Concerning the link between international relations and films, professor Toksöz focused on the emotional effect that movies can have on the spectator; in fact, she said, films are a powerful tool, because they engage the audience in a multilevel experience. Furthermore, to the contrary of what we can normally find in a textbook, movies don't focus only on the decision makers, on the heroes and on the famous historical characters, but also represent simple and average people; as a consequence, the spectator can feel empathy and can self-identify more easily. However, there are disadvantages in studying international relations through films; as the first point, movies are fictional and personal interpretation of events. Furthermore, they can be one-sided, or biased. Secondly, films can create stereotypes. In fact, if people of a certain country are shown always in a certain way, through repetition, this image will be internalized by the audience. The example reported by Toksöz was an essay, written by Jack Shaheen, entitled “Reel Bad Arabs”. This work has demonstrated that, since the 1890s, in Hollywood films, Arabs are always portrayed as violent, uncivilized, religious fundamentalist and are often associated with kidnapping and raping girls; this created a negative imagine of “the Arabs” in the American audience. Lastly, film industries are in the hand of a limited number of countries, so the events shown in the movies will be culturally biased and selected on the base of the interests of those particular nations.

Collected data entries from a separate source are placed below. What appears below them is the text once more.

(* Consider the Count-Min Sketch with Conservative Updates (CMS-CU) with $d$ rows and $w$ counters per row, fed with an IRM request stream, as described in the context. For every pair of distinct items $i,j\in I$ there exist constants $\alpha_{i,j}>0$ and $\beta_{i,j}\ge 0$ (not depending on $s$) such that for every row $r\in[d]$ and every time $s\ge 1$, $$\mathbb{E}\big[\delta_{i,j}^r(s)\big]\le \frac{p_j}{w}\Big(\gamma_{i,j}+\beta_{i,j}\,e^{-\alpha_{i,j}(s-1)}\Big),$$ where $$\gamma_{i,j}=\begin{cases}1,& j\le i,\\ \min\big(\mathcal{A}(p_i-p_j)^{d-1},\,1\big),& j>i,\end{cases}$$ with $\mathcal{A}(x)=\min_{k=0,\dots,w-1}\left(\frac{\sum_{l>k}p_l}{(w-k)x}+\frac{k}{w}\right)$ for $x>0$ and $\mathcal{A}(0)=1$.
   Context: Items form the universe $I=\{1,\dots,N\}$. Requests follow the Independent Reference Model (IRM): the stream is $Z(1),Z(2),\dots$ with $Z(s)$ i.i.d. categorical random variables, $\Pr(Z(s)=i)=p_i$, $\sum_{i\in I}p_i=1$, and items are numbered so that $p_1\ge p_2\ge\dots\ge p_N$. The sketch is a $d\times w$ array of counters, initially $0$. Hash functions $h_1,\dots,h_d:I\to\{1,\dots,w\}$ are chosen independently and uniformly at random from a family of pairwise independent hash functions (so $\Pr(h_r(i)=h_r(j))=1/w$ for $i\ne j$), independently of the request stream, and are fixed during processing. $c_i^r(t)$ denotes the value at time $t$ of the counter in row $r$, column $h_r(i)$. CMS-CU update: when item $i$ is requested at time $t$, $c_i^r(t)=\max\big(c_i^r(t-1),\ \min_{f\in[d]}c_i^f(t-1)+1\big)$ for all $r\in[d]$ (other counters unchanged). $n_i(t)$ is the number of occurrences of item $i$ among $Z(1),\dots,Z(t)$; the estimate is $\hat n_i(t)=\min_{r\in[d]}c_i^r(t)$. For $j\ne i$, $\delta_{i,j}^r(s)=\mathbb{1}\big(Z(s)=j,\ h_r(i)=h_r(j),\ \hat n_j(s-1)=c_i^r(s-1)\big)$ is the contribution of item $j$'s request at time $s$ to counter $h_r(i)$. Expectations are taken over both the random choice of hash functions and the request process. *)

theory Defs
  imports "HOL-Analysis.Analysis"
begin

text \<open>Items are 1..N, rows are 1..d, columns are 1..w.
  A tuple of hash functions is hs :: row => item => column.
  A counter array is c :: row => column => nat.\<close>

definition cms_est :: "nat \<Rightarrow> (nat \<Rightarrow> nat \<Rightarrow> nat) \<Rightarrow> (nat \<Rightarrow> nat \<Rightarrow> nat) \<Rightarrow> nat \<Rightarrow> nat" where
  "cms_est d hs c i = Min ((\<lambda>f. c f (hs f i)) ` {1..d})"

definition cms_cu_update :: "nat \<Rightarrow> (nat \<Rightarrow> nat \<Rightarrow> nat) \<Rightarrow> (nat \<Rightarrow> nat \<Rightarrow> nat) \<Rightarrow> nat \<Rightarrow> (nat \<Rightarrow> nat \<Rightarrow> nat)" where
  "cms_cu_update d hs c i =
     (\<lambda>r col. if r \<in> {1..d} \<and> col = hs r i
               then max (c r col) (cms_est d hs c i + 1) else c r col)"

text \<open>Counter array after processing the request list zs (zs ! (k-1) = Z(k)), starting from 0.\<close>
definition cms_state :: "nat \<Rightarrow> (nat \<Rightarrow> nat \<Rightarrow> nat) \<Rightarrow> nat list \<Rightarrow> (nat \<Rightarrow> nat \<Rightarrow> nat)" where
  "cms_state d hs zs = foldl (cms_cu_update d hs) (\<lambda>_ _. 0) zs"

definition cms_delta :: "nat \<Rightarrow> (nat \<Rightarrow> nat \<Rightarrow> nat) \<Rightarrow> nat \<Rightarrow> nat \<Rightarrow> nat \<Rightarrow> nat list \<Rightarrow> bool" where
  "cms_delta d hs i j r zs =
     (let s = length zs; c = cms_state d hs (take (s - 1) zs) in
      zs ! (s - 1) = j \<and> hs r i = hs r j \<and> cms_est d hs c j = c r (hs r i))"

text \<open>Pairwise independent family of hash functions from {1..N} to {1..w}
  (a hash function is drawn uniformly from the finite set H).\<close>
definition pairwise_indep_family :: "nat \<Rightarrow> nat \<Rightarrow> (nat \<Rightarrow> nat) set \<Rightarrow> bool" where
  "pairwise_indep_family N w H \<longleftrightarrow>
     finite H \<and> H \<noteq> {} \<and> (\<forall>h\<in>H. \<forall>i\<in>{1..N}. h i \<in> {1..w}) \<and>
     (\<forall>i\<in>{1..N}. \<forall>j\<in>{1..N}. i \<noteq> j \<longrightarrow> (\<forall>a\<in>{1..w}. \<forall>b\<in>{1..w}.
        real (card {h\<in>H. h i = a \<and> h j = b}) = real (card H) / (real w)^2))"

text \<open>E[delta^r_{i,j}(s)]: expectation over d independent uniform draws from H
  and over the IRM request sequence Z(1..s).\<close>
definition exp_delta :: "nat \<Rightarrow> (nat \<Rightarrow> real) \<Rightarrow> nat \<Rightarrow> (nat \<Rightarrow> nat) set \<Rightarrow> nat \<Rightarrow> nat \<Rightarrow> nat \<Rightarrow> nat \<Rightarrow> real" where
  "exp_delta N p d H i j r s =
     (\<Sum>hs\<in>PiE {1..d} (\<lambda>_. H). (1 / real (card H)) ^ d *
        (\<Sum>zs\<in>{zs. set zs \<subseteq> {1..N} \<and> length zs = s}.
           (\<Prod>k<s. p (zs ! k)) * (if cms_delta d hs i j r zs then 1 else 0)))"

definition cmsA :: "nat \<Rightarrow> (nat \<Rightarrow> real) \<Rightarrow> nat \<Rightarrow> real \<Rightarrow> real" where
  "cmsA N p w x = (if x = 0 then 1 else
     Min ((\<lambda>k. (\<Sum>l\<in>{k+1..N}. p l) / (real (w - k) * x) + real k / real w) ` {0..w-1}))"

definition cms_gamma :: "nat \<Rightarrow> (nat \<Rightarrow> real) \<Rightarrow> nat \<Rightarrow> nat \<Rightarrow> nat \<Rightarrow> nat \<Rightarrow> real" where
  "cms_gamma N p d w i j = (if j \<le> i then 1 else min ((cmsA N p w (p i - p j)) ^ (d - 1)) 1)"

end

theory Submission
  imports Defs
begin

text \<open>If the request of \<open>j\<close> at time \<open>s\<close> raises the counter of \<open>i\<close> in row \<open>r\<close>, that counter equals
  the estimate of \<open>j\<close>. Conservative updates never underestimate and never push a counter above
  the number of requests hashed to it, so in every other row the counter of \<open>j\<close> must have
  received at least \<open>n\<^sub>i(s - 1)\<close> colliding requests. Rows are hashed independently, hence
  \<open>E[\<delta>] \<le> (p\<^sub>j / w) E[g ^ (d - 1)]\<close>, where \<open>g\<close> is the probability of that event for one random hash function.
  A hash function either gives \<open>j\<close> colliding items of total popularity at least \<open>p\<^sub>i - p\<^sub>j\<close>, which by
  a union bound over the \<open>k\<close> most popular items and Markov's inequality on the others has
  probability at most \<open>A(p\<^sub>i - p\<^sub>j)\<close>; or the items hashed with \<open>j\<close> are jointly less popular than \<open>i\<close>,
  and a Chernoff bound makes the event exponentially unlikely in \<open>s\<close>. Finally
  \<open>g \<le> q + b\<close> gives \<open>g ^ (d - 1) \<le> q ^ (d - 1) + (d - 1) b\<close>.\<close>

lemma power_diff_le_mult_diff:
  fixes g q :: real
  assumes "0 \<le> q" "q \<le> g" "g \<le> 1"
  shows "g ^ n - q ^ n \<le> real n * (g - q)"
proof (induction n)
  case 0
  show ?case by simp
next
  case (Suc n)
  have "g ^ Suc n - q ^ Suc n = g * (g ^ n - q ^ n) + q ^ n * (g - q)"
    by (simp add: algebra_simps)
  also have "\<dots> \<le> 1 * (real n * (g - q)) + 1 * (g - q)"
    using assms Suc by (intro add_mono mult_mono) (auto simp: power_mono power_le_one)
  finally show ?case
    by (simp add: algebra_simps)
qed

lemma power_le_power_add_mult:
  fixes g q b :: real
  assumes "0 \<le> g" "g \<le> 1" "0 \<le> q" "0 \<le> b" "g \<le> q + b"
  shows "g ^ n \<le> q ^ n + real n * b"
proof (cases "g \<le> q")
  case True
  then show ?thesis
    using assms power_mono[OF True, of n] by (simp add: add_increasing2)
next
  case False
  then have "g ^ n - q ^ n \<le> real n * (g - q)"
    using assms by (intro power_diff_le_mult_diff) auto
  also have "\<dots> \<le> real n * b"
    using assms by (intro mult_left_mono) auto
  finally show ?thesis by simp
qed

lemma finite_uniform_geometric_bound:
  fixes f :: "'x \<Rightarrow> nat \<Rightarrow> real"
  assumes "finite X" and geometric: "\<And>x. x \<in> X \<Longrightarrow> \<exists>m>0. m < 1 \<and> (\<forall>t. f x t \<le> m ^ t)"
  shows "\<exists>M>0. M < 1 \<and> (\<forall>x\<in>X. \<forall>t. f x t \<le> M ^ t)"
proof -
  obtain m where m: "\<And>x. x \<in> X \<Longrightarrow> 0 < m x \<and> m x < 1 \<and> (\<forall>t. f x t \<le> m x ^ t)"
    using bchoice[of X "\<lambda>x m. 0 < m \<and> m < 1 \<and> (\<forall>t. f x t \<le> m ^ t)"] geometric by blast
  define M where "M = Max (insert (1/2) (m ` X))"
  have "0 < M" "M < 1"
    using assms(1) m by (auto simp: M_def Max_gr_iff Max_less_iff)
  moreover have "f x t \<le> M ^ t" if "x \<in> X" for x t
  proof -
    have "m x \<le> M"
      using assms(1) that by (auto simp: M_def)
    then have "m x ^ t \<le> M ^ t"
      using m[OF that] by (intro power_mono) auto
    then show ?thesis
      using m[OF that] by (blast intro: order_trans)
  qed
  ultimately show ?thesis by blast
qed

section \<open>Expectations under the independent reference model\<close>

definition irm_expectation :: "'a set \<Rightarrow> ('a \<Rightarrow> real) \<Rightarrow> nat \<Rightarrow> ('a list \<Rightarrow> real) \<Rightarrow> real" where
  "irm_expectation A p t F = (\<Sum>zs\<in>{zs. set zs \<subseteq> A \<and> length zs = t}. prod_list (map p zs) * F zs)"

lemma lists_length_Suc_eq_snoc:
  "{zs. set zs \<subseteq> A \<and> length zs = Suc t} =
     (\<lambda>(zs, a). zs @ [a]) ` ({zs. set zs \<subseteq> A \<and> length zs = t} \<times> A)"
  by (auto simp: length_Suc_conv_rev image_iff)

lemma irm_expectation_Suc:
  assumes "finite A"
  shows "irm_expectation A p (Suc t) F = irm_expectation A p t (\<lambda>zs. \<Sum>a\<in>A. p a * F (zs @ [a]))"
proof -
  have "inj_on (\<lambda>(zs, a). zs @ [a]) ({zs. set zs \<subseteq> A \<and> length zs = t} \<times> A)"
    by (auto simp: inj_on_def)
  then show ?thesis
    unfolding irm_expectation_def lists_length_Suc_eq_snoc
    by (simp add: sum.reindex sum.cartesian_product sum_distrib_left mult_ac split_def)
qed

lemma irm_expectation_add:
  "irm_expectation A p t (\<lambda>zs. F zs + G zs) = irm_expectation A p t F + irm_expectation A p t G"
  by (simp add: irm_expectation_def distrib_left sum.distrib)

lemma irm_expectation_cmult:
  "irm_expectation A p t (\<lambda>zs. c * F zs) = c * irm_expectation A p t F"
  by (simp add: irm_expectation_def sum_distrib_left mult_ac)

lemma irm_expectation_sum:
  "irm_expectation A p t (\<lambda>zs. \<Sum>x\<in>X. F x zs) = (\<Sum>x\<in>X. irm_expectation A p t (F x))"
  unfolding irm_expectation_def by (simp add: sum_distrib_left sum.swap[of _ X])

lemma irm_expectation_mono:
  assumes "\<And>a. a \<in> A \<Longrightarrow> p a \<ge> 0"
    and "\<And>zs. set zs \<subseteq> A \<Longrightarrow> length zs = t \<Longrightarrow> F zs \<le> G zs"
  shows "irm_expectation A p t F \<le> irm_expectation A p t G"
  unfolding irm_expectation_def
  using assms by (intro sum_mono mult_left_mono prod_list_nonneg) auto

lemma irm_expectation_prod_list:
  assumes "finite A"
  shows "irm_expectation A p t (\<lambda>zs. prod_list (map g zs)) = (\<Sum>a\<in>A. p a * g a) ^ t"
proof (induction t)
  case 0
  have "{zs. set zs \<subseteq> A \<and> length zs = 0} = {[]}" by auto
  then show ?case by (simp add: irm_expectation_def)
next
  case (Suc t)
  have "irm_expectation A p (Suc t) (\<lambda>zs. prod_list (map g zs))
      = irm_expectation A p t (\<lambda>zs. (\<Sum>a\<in>A. p a * g a) * prod_list (map g zs))"
    unfolding irm_expectation_Suc[OF assms] by (simp add: sum_distrib_left mult_ac)
  then show ?case by (simp add: irm_expectation_cmult Suc)
qed

lemma irm_expectation_const:
  assumes "finite A" "sum p A = 1"
  shows "irm_expectation A p t (\<lambda>_. c) = c"
proof -
  have "prod_list (map (\<lambda>_. 1) zs) = (1::real)" for zs :: "'a list"
    by (induction zs) auto
  then show ?thesis
    using irm_expectation_prod_list[OF assms(1), of p t "\<lambda>_. 1"] irm_expectation_cmult[of A p t c "\<lambda>_. 1"]
    by (simp add: assms(2))
qed

lemma prod_list_tilt:
  fixes y :: real
  assumes "\<not> P i" "y \<noteq> 0"
  shows "prod_list (map (\<lambda>a. if a = i then 1 / y else if P a then y else 1) zs)
    = y ^ length (filter P zs) / y ^ count_list zs i"
  using assms by (induction zs) (auto simp: field_simps)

Considering the theme of music, professor Toksöz showed us the opening scene of the 2004 Eurovision Song Contest, held in İstanbul. She made us focus on the opposition between the singer, Sertab Erener, who was dressed as a “European” woman, with blonde hairs and sensual dress, and the Dervishes Turners, dancing, with traditional costumes, in the background. This contradiction, in her opinion, symbolized the self-identification of Turkey in that period: “one step east, one step west”. As the last point, we considered the theme of science fiction and its connection to international relations. Sci-fi, as a literary genre, allows the author to contextualize current day events in a distant future, escaping political correctness and sensitivity and giving the writer the chance of being bolder in critiquing it. This is particularly interesting, in the prospect of international relations, because, often, many of the organizations which are described are similar to the current state of affairs, or are a representation of the past political structures of human history. For example, we can find “empires”, as in “Star Wars”, or “confederations”, as in “Star Trek”. In addition, themes that can also easily be found are: the use of violence to gain power, the exploitation of resources, colonization, militarization and environmental, or nuclear, disaster. To conclude, the lecture held by professor Itir Toksöz provided the students with an interesting and peculiar point of view on the international relations, in particular, she proved to us that the academic research can include also topics considered “not-strictly” relevant for international relations, as for example science fiction.